According to the press release from AAIM, this award is given to members of AAIM who have initiated or promoted an outstanding media usage program. Reece and Brown’s program was nominated by elementary principal Danette Chaney and intermediate principal Chandra Anderson, the release says, and the principals wrote in their nomination that Reece and Brown “provide a wealth of reading engagement opportunities to build readers and support reading at school, home and the community at large.”

The release says Chaney and Anderson also commended how Reece and Brown “work closely together to provide seamless K-8 services as they bring the world to our students and our students bring their world to what they read.”

Reece and Brown were presented with their awards Monday, April 29, at AAIM’s annual conference awards luncheon in Rogers.

“I’m still really overwhelmed,” Brown said. “I never thought we would win after writing everything down and documenting what we do at K-8. We do a lot of collaboration between buildings and we try to make everything seamless, but we never once dreamed we would be chosen.”

Chaney said Green Forest faculty has a great team spirit.

“A lot of times we focus on what the teachers do,” she said, “and we forget about our extra activity teachers, but they bring a lot of academic instruction into the library. A lot of times people think students go there to check out a book and away they go.”

Chaney said Reece will coordinate with the teachers and plan her instruction around what they’re doing in their classrooms.

“They have all the kids,” Anderson said. “There are very few of our students that they don’t see.”

“We have them for several years, which is important,” Reece said. “We get to know them very well and get to understand their needs very well.”

Anderson said they provide great opportunities for the students, such as bringing in authors or having Skype visits with them.

“That’s something that is really impactful and meaningful to those kids,” she said. “First, they get them excited about some of the books that they’re reading, and then they let them meet the authors who wrote them. That’s a really neat thing.”

With the Reading Initiative for Student Excellence (RISE), Brown said the goal is to make sure she and Reece are putting a book in children’s hands when they bring authors to the school.

“Statistically, if a child has more books at home in their own home library,” she said, “they will read better. Our goal is to make sure we get books in the home.”

In addition to handing out books at the author visits, Brown said they coordinate with the principals to send books home with students at the end of the school year.

“We make sure with our principals that we have books going home,” she said, “so we don’t have the summer slide.”

Reece said she and Brown also help the students develop research skills, beginning with some hands-on activities in elementary.

“In third grade, we start writing about it,” Reece said, “and by fourth grade they’re ready for Vicki to go more in-depth and expand and deepen that research.”

Chaney and Anderson said Reece and Brown work great together and bring that coordination to the K-8 media program.

“If Carrie is not in her library doing something,” Chaney said, “I know she’s probably over at Vicki’s library and they’re working together.”

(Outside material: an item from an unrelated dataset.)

(* The assignment sending a locally persistent category $\mathcal D$ to the pair $(\mathsf C^{\mathcal D},\mathrm W^{\mathcal D})$, and a locally persistent functor $F:\mathcal D\to\mathcal E$ to $F_*$ defined by $F_*(A)=F(A)$, $F_*((g,s))=(F(g),s)$, $F_*(\alpha_{g,h})=\alpha_{F(g),F(h)}$, defines a faithful functor from the category $\mathsf{LPC}$ of locally persistent categories and locally persistent functors to the category $\mathsf{W2Cat}$ of 2-weighted 2-categories and Lipschitz 2-functors. Moreover, for every locally persistent category $\mathcal D$ and all $A,B\in\mathcal D_0$, $d_{\mathcal D}(A,B)=d_{\mathsf C^{\mathcal D},\mathrm W^{\mathcal D}}(A,B)$.
   Context: A locally persistent category (LPC) $\mathcal D$ is a category enriched in $\mathsf{Fun}(\mathsf R,\mathsf{Set})$ ($\mathsf R$ the poset $\mathbb R_{\ge0}$, with Day convolution for addition). Explicitly: a class of objects $\mathcal D_0$; for $A,B$ and $s\ge0$ sets $\mathcal D_1(A,B)_s$ with shift maps $\mathrm S_{s,t}:\mathcal D_1(A,B)_s\to\mathcal D_1(A,B)_t$ for $s\le t$, $\mathrm S_{s,s}=\mathrm{id}$, $\mathrm S_{t,u}\mathrm S_{s,t}=\mathrm S_{s,u}$; associative compositions $\mathcal D_1(B,C)_t\times\mathcal D_1(A,B)_s\to\mathcal D_1(A,C)_{s+t}$, $(h,g)\mapsto hg$; identities $1_A\in\mathcal D_1(A,A)_0$ that are two-sided units; and $\mathrm S_{t,t'}(h)\mathrm S_{s,s'}(g)=\mathrm S_{s+t,s'+t'}(hg)$. A locally persistent functor $F:\mathcal D\to\mathcal E$ is a functor mapping $\mathcal D_1(A,B)_s\to\mathcal E_1(F(A),F(B))_s$, preserving composition and identities, with $\mathrm S_{s,t}(F(g))=F(\mathrm S_{s,t}(g))$. LPC interleaving: $A,B$ are $(s,t)$-interleaved if there are $f\in\mathcal D_1(A,B)_s$, $g\in\mathcal D_1(B,A)_t$ with $gf=\mathrm S_{0,s+t}(1_A)$ and $fg=\mathrm S_{0,s+t}(1_B)$; $d_{\mathcal D}(A,B)=\inf\max\{s,t\}$ over such. The 2-category $\mathsf C^{\mathcal D}$: objects $\mathcal D_0$; 1-morphisms $A\to B$ are pairs $(g,s)$ with $g\in\mathcal D_1(A,B)_s$; $(h,t)\circ(g,s)=(hg,s+t)$, identity $(1_A,0)$; between $(g,s)$ and $(h,t)$ there is a unique 2-morphism $\alpha_{g,h}$ iff $s\le t$ and $\mathrm S_{s,t}(g)=h$, otherwise none; $\alpha_{g,h}\alpha_{f,g}=\alpha_{f,h}$, $\alpha_{h,k}\bullet\alpha_{f,g}=\alpha_{hf,kg}$. $\mathrm W^{\mathcal D}_1((g,s))=s$, $\mathrm W^{\mathcal D}_2\equiv0$. A 2-weighted 2-category is a 2-category with $\mathrm W_1,\mathrm W_2\ge0$ on 1- and 2-morphisms, zero on identities, subadditive under composition of 1-morphisms and vertical/horizontal composition of 2-morphisms; a Lipschitz 2-functor $\Theta$ between them satisfies $\mathrm W'_1(\Theta(g))\le\mathrm W_1(g)$ and $\mathrm W'_2(\Theta(\alpha))\le\mathrm W_2(\alpha)$. The interleaving distance of a 2-weighted 2-category is $d_{\mathsf C,\mathrm W}(A,B)=\inf\max\{\mathrm W_1(g),\mathrm W_1(h),\mathrm W_2(\alpha),\mathrm W_2(\beta)\}$ over $g:A\to B$, $h:B\to A$, $\alpha:1_A\Rightarrow hg$, $\beta:1_B\Rightarrow gh$. Infima of empty sets are $\infty$. *)

theory Defs
  imports Main "HOL-Library.Extended_Real"
begin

“I see them together all the time,” Anderson said, laughing.

“They don’t leave each other out either,” Chaney said. “If something is going on in [Reece’s] library, she’ll say ‘This is what we’re doing, and you might try to incorporate it this way.’ ”

Reece said she keeps track of her students even after they leave the building and enter Brown’s program.

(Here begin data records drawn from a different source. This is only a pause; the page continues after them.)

text \<open>The dot product below is T^j applied to the coefficient of x^(deg h + l - j) in g h = x^n - 1,
  which vanishes since 0 < deg h + l - j < n.\<close>

lemma dagger_monom_multiples_orthogonal:
  assumes l: "l < n - degree h" and j: "j < degree h"
  shows "dot n (skew_mult T (monom 1 l) (dagger T h)) (skew_mult T (monom 1 j) g) = 0"
proof -
  define t where "t = degree h + l - j"
  have t: "0 < t" "t < n"
    using l j degree_h_plus_degree_g by (auto simp: t_def)
  define G where "G k = (if j \<le> k \<and> k \<le> degree h + l then
      (T ^^ j) (coeff g (k - j)) * (T ^^ k) (coeff h (degree h + l - k)) else 0)" for k
  have "coeff (skew_mult T (monom 1 l) (dagger T h)) k * coeff (skew_mult T (monom 1 j) g) k = G k" for k
  proof -
    have "coeff h (degree h + l - k) = 0" if "k < l"
      using that by (intro coeff_eq_0) linarith
    then show ?thesis
      unfolding G_def coeff_skew_mult_monom_left coeff_dagger
      by (auto simp: iter_zero mult.commute simp flip: funpow_add[THEN fun_cong, unfolded o_apply])
  qed
  then have "dot n (skew_mult T (monom 1 l) (dagger T h)) (skew_mult T (monom 1 j) g) = (\<Sum>k<n. G k)"
    by (simp add: dot_def)
  also have "\<dots> = (\<Sum>k\<in>{j..t + j}. G k)"
    by (rule sum.mono_neutral_right) (use l j degree_h_plus_degree_g in \<open>auto simp: G_def t_def\<close>)
  also have "\<dots> = (\<Sum>m\<le>t. G (m + j))"
    using sum.shift_bounds_cl_nat_ivl[of G 0 j t] by (simp add: atLeast0AtMost)
  also have "\<dots> = (\<Sum>m\<le>t. (T ^^ j) (coeff g m * (T ^^ m) (coeff h (t - m))))"
    using j by (intro sum.cong) (auto simp: G_def t_def iter_mult add.commute
        simp flip: funpow_add[THEN fun_cong, unfolded o_apply])
  also have "\<dots> = (T ^^ j) (coeff (skew_mult T g h) t)"
    by (simp add: coeff_skew_mult iter_sum)
  also have "\<dots> = 0"
    using t by (simp add: skew_mult_g_h coeff_xn_minus_1[OF n_pos] iter_zero)
  finally show ?thesis .
qed

lemma dagger_multiples_orthogonal:
  assumes "b \<in> vecs (n - degree h)" and "a \<in> vecs (degree h)"
  shows "dot n (skew_mult T b (dagger T h)) (skew_mult T a g) = 0"
proof -
  have "dot n (skew_mult T (\<Sum>l<n - degree h. monom (coeff b l) l) (dagger T h))
      (skew_mult T (\<Sum>j<degree h. monom (coeff a j) j) g) = 0"
    by (simp add: skew_mult_sum_left dot_sum_left dot_sum_right dot_smult_left dot_smult_right
        skew_mult_monom_eq_smult[of "coeff b _"] skew_mult_monom_eq_smult[of "coeff a _"]
        dagger_monom_multiples_orthogonal)
  then show ?thesis
    using assms by (simp add: sum_monoms_vecs)
qed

“If she thinks there are a few where I need to have a little peek into their world before they come to me,” Brown said, “I come over and meet with them.”

She said her relationship with reading had a rocky beginning. During her elementary years, Brown said she was placed in the Blackbird reading group for low level readers. She said she was “bit by the reading bug” in high school when she signed up for two magazine subscriptions and a book-of-the-month club on a whim. Brown said she “was instantly hooked and never looked back.”

Brown said she believes strongly that anyone can succeed when they are given the opportunity to increase their vocabulary and research on their own. She said she builds this confidence in her students by allowing them to “pave their own literary path with primary resources, self-selected reading, self check-in and check out, author Skype sessions, micro-bits and book clubs.”

Reece said she developed a passion for reading, writing and books early on, and, with her mother’s help, put words to her first illustrated story at age 4. She is also a budding grant writer. In 2016, she was a recipient of the Laura Bush Foundation Grant and last spring received a Carroll County Community Foundation Grade Level Reading (GLR) grant, which enabled her to facilitate an after-school literacy-based science enrichment program that served 233 students.

She said she “loves her students with all her heart” and is deeply committed to moving them forward with regards to their literacy, academic, cognitive and socio-cultural needs and interests.